WHAT YOU SHOULD DO: In the records below, find the line with "(1 + exp (- z))" and the line with "unfolding sample_class_def neg_sample_def"; return exactly those lines and every line between them.

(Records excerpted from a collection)
======
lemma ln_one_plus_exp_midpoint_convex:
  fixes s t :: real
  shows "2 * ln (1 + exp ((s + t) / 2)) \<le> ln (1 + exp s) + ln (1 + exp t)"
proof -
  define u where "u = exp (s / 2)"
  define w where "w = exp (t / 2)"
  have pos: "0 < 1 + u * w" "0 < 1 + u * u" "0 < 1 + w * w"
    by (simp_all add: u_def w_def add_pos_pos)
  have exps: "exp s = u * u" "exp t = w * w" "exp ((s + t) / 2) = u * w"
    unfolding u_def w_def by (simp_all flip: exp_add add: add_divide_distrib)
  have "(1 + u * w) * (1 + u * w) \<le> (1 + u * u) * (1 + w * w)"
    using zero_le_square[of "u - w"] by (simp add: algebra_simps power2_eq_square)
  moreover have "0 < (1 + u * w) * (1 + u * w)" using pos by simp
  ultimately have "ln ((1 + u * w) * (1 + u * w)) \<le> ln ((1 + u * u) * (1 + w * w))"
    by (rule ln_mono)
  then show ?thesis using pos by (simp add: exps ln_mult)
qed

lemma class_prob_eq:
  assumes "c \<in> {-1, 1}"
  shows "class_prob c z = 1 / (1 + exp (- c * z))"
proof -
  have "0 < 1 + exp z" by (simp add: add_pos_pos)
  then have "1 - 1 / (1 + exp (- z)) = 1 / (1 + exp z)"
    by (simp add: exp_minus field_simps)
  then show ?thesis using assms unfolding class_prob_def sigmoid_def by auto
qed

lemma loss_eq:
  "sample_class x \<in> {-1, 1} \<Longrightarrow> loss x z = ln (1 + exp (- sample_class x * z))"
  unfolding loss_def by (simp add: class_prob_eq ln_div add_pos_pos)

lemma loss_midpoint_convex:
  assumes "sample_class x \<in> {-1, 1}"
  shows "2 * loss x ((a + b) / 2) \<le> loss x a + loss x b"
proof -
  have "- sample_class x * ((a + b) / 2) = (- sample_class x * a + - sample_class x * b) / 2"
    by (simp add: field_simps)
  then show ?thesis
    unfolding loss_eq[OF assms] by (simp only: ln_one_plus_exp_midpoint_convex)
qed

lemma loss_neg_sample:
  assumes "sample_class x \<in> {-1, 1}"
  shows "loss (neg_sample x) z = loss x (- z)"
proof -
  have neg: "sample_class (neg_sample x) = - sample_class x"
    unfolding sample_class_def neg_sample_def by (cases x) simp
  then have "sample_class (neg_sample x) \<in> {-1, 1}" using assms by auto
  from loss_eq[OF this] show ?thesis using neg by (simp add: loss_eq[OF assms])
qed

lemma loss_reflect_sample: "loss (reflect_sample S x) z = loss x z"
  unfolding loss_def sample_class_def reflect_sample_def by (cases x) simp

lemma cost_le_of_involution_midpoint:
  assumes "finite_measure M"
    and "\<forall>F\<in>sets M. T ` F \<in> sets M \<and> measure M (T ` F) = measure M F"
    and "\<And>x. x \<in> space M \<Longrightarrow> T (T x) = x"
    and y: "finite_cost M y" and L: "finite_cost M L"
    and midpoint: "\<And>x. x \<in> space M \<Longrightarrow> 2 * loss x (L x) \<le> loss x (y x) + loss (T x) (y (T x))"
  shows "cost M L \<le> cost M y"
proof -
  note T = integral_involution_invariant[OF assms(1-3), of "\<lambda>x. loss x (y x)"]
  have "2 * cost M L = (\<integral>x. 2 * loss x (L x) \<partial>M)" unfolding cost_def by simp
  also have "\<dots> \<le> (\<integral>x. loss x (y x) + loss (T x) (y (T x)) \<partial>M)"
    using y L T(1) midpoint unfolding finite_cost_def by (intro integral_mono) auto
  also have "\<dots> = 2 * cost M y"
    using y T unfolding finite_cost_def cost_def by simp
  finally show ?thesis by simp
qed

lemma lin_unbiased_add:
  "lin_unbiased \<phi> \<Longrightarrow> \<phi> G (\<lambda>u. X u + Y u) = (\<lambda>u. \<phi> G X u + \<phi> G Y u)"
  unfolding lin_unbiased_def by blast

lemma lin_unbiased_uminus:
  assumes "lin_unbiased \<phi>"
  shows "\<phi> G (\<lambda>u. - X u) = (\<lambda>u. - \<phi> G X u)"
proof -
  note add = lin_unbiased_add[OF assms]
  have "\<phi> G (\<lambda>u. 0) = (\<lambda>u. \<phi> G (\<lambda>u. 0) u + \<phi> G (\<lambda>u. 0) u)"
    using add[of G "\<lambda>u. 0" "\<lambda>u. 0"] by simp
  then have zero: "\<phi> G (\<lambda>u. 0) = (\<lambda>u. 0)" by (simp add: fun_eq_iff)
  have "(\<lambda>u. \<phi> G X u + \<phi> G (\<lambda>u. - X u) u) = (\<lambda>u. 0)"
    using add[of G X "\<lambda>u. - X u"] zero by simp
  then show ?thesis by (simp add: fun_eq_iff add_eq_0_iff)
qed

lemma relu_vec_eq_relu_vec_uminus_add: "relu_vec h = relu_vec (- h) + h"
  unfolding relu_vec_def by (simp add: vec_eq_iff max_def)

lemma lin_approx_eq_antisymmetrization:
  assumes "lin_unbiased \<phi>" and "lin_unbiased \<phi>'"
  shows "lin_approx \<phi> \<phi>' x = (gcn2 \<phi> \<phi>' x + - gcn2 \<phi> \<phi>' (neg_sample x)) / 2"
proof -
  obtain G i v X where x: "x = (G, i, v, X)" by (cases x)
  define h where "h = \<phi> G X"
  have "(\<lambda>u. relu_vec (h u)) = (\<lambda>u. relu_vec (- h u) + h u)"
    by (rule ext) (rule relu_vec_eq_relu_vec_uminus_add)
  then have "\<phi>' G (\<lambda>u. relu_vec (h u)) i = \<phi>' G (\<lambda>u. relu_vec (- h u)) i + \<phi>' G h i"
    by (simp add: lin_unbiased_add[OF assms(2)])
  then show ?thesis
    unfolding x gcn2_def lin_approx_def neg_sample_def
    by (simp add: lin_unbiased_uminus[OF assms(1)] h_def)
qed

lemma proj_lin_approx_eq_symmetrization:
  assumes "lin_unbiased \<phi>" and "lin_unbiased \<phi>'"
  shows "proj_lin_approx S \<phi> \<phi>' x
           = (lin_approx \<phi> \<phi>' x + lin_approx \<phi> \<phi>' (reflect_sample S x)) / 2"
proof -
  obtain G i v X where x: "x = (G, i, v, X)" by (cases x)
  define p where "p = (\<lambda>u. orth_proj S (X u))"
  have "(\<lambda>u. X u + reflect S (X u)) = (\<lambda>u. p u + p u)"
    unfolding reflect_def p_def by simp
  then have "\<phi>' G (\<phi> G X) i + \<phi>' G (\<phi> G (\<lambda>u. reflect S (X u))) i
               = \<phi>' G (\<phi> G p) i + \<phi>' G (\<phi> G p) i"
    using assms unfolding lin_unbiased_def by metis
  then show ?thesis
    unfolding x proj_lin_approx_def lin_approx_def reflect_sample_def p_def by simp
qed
======
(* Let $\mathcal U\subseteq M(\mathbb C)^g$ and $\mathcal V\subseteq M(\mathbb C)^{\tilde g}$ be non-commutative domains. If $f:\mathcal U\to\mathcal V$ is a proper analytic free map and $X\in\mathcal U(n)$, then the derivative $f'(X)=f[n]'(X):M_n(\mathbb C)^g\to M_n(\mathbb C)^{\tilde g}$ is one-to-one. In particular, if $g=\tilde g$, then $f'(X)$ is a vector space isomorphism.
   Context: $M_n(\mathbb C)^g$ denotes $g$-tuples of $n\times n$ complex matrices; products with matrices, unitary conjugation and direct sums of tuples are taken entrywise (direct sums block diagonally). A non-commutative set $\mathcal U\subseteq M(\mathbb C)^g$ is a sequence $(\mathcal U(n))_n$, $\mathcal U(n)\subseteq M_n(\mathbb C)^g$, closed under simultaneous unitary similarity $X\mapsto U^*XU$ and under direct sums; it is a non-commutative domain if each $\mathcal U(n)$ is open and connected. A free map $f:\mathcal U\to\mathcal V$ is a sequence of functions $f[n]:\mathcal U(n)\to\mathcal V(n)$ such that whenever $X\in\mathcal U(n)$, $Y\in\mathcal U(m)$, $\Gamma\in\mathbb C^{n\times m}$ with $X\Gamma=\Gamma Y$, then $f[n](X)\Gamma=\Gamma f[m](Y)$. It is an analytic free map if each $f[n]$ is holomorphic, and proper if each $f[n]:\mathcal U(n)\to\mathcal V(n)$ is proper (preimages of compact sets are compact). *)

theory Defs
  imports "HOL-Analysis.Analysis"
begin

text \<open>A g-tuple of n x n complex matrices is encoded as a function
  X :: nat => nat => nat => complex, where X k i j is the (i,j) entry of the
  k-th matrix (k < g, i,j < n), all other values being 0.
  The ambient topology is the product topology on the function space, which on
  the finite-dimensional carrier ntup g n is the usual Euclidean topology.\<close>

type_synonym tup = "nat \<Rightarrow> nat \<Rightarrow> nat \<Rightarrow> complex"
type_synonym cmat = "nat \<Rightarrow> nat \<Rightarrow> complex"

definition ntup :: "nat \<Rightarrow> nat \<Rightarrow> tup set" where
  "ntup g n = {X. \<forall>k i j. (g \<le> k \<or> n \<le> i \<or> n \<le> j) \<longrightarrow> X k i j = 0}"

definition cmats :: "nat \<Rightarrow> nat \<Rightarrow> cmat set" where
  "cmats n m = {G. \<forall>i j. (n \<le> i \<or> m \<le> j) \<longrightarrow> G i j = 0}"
======
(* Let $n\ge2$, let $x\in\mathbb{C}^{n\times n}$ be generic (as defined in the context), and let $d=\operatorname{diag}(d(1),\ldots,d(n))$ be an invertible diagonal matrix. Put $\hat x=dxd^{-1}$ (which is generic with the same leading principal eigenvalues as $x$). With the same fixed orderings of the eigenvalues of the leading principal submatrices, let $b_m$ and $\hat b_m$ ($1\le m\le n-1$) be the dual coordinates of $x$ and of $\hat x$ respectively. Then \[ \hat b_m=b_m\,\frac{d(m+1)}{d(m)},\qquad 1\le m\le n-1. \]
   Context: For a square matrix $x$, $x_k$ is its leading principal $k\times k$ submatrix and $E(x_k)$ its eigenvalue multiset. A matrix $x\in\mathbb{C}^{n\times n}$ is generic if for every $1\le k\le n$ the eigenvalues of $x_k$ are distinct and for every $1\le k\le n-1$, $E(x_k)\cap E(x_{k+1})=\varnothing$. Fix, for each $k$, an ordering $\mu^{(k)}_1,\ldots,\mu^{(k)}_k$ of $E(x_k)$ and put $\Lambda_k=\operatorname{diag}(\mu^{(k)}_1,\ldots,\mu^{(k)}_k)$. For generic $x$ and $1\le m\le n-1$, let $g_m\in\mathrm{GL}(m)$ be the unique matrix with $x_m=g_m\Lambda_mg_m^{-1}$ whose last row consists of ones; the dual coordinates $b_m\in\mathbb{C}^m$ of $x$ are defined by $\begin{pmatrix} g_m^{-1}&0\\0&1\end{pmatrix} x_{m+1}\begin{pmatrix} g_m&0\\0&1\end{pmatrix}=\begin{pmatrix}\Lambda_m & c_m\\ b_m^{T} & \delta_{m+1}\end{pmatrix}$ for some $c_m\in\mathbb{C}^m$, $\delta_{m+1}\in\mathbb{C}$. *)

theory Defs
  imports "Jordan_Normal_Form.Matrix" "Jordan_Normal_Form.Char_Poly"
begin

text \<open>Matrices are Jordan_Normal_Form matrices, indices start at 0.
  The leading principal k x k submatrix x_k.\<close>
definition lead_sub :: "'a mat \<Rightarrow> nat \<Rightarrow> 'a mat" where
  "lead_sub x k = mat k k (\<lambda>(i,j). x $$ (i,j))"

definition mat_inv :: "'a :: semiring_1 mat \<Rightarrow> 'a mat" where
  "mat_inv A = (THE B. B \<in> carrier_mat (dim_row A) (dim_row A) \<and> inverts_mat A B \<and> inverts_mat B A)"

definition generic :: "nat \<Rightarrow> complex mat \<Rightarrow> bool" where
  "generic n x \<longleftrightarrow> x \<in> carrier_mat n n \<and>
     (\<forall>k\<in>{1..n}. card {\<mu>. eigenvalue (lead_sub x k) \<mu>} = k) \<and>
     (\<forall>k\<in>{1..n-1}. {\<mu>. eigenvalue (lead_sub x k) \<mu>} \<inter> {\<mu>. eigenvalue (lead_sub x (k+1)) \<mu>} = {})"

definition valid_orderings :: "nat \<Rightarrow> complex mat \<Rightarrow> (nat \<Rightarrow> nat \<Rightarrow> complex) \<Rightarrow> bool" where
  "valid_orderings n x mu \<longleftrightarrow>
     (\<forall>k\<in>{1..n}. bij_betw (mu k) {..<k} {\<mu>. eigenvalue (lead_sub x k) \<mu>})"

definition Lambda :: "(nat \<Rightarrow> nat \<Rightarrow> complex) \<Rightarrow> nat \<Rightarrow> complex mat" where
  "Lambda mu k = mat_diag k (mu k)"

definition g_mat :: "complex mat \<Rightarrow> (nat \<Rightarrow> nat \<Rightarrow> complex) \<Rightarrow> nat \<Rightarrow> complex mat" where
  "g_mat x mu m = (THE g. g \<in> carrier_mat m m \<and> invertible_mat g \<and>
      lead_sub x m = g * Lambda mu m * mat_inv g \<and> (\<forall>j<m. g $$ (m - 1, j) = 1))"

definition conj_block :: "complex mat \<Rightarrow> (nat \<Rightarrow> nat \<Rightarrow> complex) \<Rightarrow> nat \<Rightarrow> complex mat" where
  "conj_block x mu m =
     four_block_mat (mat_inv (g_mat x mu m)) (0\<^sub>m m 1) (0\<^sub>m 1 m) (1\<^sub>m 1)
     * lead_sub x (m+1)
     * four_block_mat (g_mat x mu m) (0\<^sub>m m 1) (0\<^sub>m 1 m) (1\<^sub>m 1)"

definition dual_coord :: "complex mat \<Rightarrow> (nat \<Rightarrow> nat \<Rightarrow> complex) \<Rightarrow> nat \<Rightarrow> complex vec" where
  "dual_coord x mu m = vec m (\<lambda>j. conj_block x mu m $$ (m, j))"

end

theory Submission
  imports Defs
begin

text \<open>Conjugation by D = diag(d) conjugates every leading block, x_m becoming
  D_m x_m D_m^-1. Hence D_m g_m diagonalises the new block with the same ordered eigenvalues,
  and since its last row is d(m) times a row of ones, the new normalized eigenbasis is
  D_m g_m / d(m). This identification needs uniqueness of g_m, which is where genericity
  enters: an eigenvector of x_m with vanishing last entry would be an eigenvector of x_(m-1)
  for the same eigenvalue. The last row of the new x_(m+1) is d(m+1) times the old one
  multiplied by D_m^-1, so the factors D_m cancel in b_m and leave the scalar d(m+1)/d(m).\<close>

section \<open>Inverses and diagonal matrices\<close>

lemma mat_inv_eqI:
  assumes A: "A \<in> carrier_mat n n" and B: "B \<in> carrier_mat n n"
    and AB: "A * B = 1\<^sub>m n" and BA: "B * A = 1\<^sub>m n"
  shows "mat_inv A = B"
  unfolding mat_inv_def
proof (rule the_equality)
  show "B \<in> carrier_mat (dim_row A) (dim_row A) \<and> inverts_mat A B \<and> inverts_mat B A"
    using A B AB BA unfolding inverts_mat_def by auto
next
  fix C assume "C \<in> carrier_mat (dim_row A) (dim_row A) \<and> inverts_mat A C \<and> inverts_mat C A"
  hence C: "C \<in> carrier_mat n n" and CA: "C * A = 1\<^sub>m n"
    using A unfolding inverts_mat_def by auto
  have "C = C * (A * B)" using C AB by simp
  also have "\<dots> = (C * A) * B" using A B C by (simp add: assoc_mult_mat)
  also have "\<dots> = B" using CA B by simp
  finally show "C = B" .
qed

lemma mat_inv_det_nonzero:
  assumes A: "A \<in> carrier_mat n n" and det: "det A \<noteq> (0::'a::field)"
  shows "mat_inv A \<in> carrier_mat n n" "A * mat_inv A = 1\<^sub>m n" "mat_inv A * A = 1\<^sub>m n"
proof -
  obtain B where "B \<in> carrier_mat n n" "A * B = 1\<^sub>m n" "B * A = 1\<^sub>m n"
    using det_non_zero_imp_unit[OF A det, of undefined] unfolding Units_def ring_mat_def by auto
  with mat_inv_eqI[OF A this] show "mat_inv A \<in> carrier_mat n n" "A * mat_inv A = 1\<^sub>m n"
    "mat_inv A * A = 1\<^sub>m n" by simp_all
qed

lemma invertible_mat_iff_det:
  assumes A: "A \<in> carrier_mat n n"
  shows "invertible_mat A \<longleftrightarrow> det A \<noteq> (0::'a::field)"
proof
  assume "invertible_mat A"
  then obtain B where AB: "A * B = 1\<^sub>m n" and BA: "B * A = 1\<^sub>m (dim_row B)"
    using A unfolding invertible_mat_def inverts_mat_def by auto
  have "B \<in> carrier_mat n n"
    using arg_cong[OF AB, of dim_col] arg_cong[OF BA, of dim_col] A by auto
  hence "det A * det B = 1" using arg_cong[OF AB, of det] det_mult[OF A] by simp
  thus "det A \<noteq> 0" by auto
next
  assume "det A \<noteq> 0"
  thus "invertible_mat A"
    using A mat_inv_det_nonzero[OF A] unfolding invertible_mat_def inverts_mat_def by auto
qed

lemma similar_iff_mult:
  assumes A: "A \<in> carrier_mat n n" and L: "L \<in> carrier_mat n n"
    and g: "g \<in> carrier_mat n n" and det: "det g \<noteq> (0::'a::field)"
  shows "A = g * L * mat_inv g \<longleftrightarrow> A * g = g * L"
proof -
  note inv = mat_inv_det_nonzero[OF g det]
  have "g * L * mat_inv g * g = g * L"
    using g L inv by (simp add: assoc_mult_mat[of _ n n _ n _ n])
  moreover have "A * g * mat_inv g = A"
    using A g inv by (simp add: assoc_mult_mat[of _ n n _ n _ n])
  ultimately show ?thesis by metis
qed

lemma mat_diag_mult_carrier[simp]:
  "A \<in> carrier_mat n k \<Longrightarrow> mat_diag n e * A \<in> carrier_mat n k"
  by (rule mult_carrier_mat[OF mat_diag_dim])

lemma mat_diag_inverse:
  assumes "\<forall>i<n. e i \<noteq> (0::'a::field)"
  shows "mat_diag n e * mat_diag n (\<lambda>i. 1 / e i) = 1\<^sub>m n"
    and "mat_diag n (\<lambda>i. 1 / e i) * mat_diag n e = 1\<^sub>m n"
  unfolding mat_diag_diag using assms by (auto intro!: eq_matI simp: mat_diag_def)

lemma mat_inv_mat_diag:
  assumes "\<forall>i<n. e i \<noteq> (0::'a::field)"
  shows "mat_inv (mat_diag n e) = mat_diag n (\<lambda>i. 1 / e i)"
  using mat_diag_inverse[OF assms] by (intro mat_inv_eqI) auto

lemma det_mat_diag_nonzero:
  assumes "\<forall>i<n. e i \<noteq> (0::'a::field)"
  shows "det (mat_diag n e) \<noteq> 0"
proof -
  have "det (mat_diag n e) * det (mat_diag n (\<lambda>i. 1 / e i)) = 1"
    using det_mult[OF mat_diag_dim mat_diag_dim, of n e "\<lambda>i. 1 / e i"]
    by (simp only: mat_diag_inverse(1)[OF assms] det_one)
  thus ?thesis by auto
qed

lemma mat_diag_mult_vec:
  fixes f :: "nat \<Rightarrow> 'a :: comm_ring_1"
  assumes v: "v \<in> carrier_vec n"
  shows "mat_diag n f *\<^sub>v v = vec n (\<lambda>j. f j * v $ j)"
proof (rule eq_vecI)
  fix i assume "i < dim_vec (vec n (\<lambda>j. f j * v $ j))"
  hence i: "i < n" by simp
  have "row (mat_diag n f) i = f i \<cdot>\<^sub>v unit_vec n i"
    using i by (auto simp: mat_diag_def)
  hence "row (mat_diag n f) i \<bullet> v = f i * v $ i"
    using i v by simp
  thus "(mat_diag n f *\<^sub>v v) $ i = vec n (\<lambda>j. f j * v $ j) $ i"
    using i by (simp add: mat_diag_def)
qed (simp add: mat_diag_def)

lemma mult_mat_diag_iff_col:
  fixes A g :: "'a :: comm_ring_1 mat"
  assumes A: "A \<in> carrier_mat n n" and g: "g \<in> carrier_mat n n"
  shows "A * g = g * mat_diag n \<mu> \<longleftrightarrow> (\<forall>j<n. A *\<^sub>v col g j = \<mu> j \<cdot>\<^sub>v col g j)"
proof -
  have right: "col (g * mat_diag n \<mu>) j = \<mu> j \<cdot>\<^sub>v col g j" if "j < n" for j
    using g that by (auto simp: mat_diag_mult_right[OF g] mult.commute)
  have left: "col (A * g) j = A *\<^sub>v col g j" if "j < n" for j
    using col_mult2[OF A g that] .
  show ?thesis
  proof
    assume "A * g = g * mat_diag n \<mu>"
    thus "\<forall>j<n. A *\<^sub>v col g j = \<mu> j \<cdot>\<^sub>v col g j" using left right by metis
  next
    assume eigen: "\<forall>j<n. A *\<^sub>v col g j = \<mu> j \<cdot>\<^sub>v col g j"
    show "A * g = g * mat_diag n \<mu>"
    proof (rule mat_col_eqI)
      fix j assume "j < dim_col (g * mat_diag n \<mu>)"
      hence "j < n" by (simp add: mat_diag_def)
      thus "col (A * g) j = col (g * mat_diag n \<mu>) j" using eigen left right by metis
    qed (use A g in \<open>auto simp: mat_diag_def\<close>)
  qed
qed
======
PROBLEM SOLUTION:
  then have "1 - 1 / (1 + exp (- z)) = 1 / (1 + exp z)"
    by (simp add: exp_minus field_simps)
  then show ?thesis using assms unfolding class_prob_def sigmoid_def by auto
qed

lemma loss_eq:
  "sample_class x \<in> {-1, 1} \<Longrightarrow> loss x z = ln (1 + exp (- sample_class x * z))"
  unfolding loss_def by (simp add: class_prob_eq ln_div add_pos_pos)

lemma loss_midpoint_convex:
  assumes "sample_class x \<in> {-1, 1}"
  shows "2 * loss x ((a + b) / 2) \<le> loss x a + loss x b"
proof -
  have "- sample_class x * ((a + b) / 2) = (- sample_class x * a + - sample_class x * b) / 2"
    by (simp add: field_simps)
  then show ?thesis
    unfolding loss_eq[OF assms] by (simp only: ln_one_plus_exp_midpoint_convex)
qed

lemma loss_neg_sample:
  assumes "sample_class x \<in> {-1, 1}"
  shows "loss (neg_sample x) z = loss x (- z)"
proof -
  have neg: "sample_class (neg_sample x) = - sample_class x"
    unfolding sample_class_def neg_sample_def by (cases x) simp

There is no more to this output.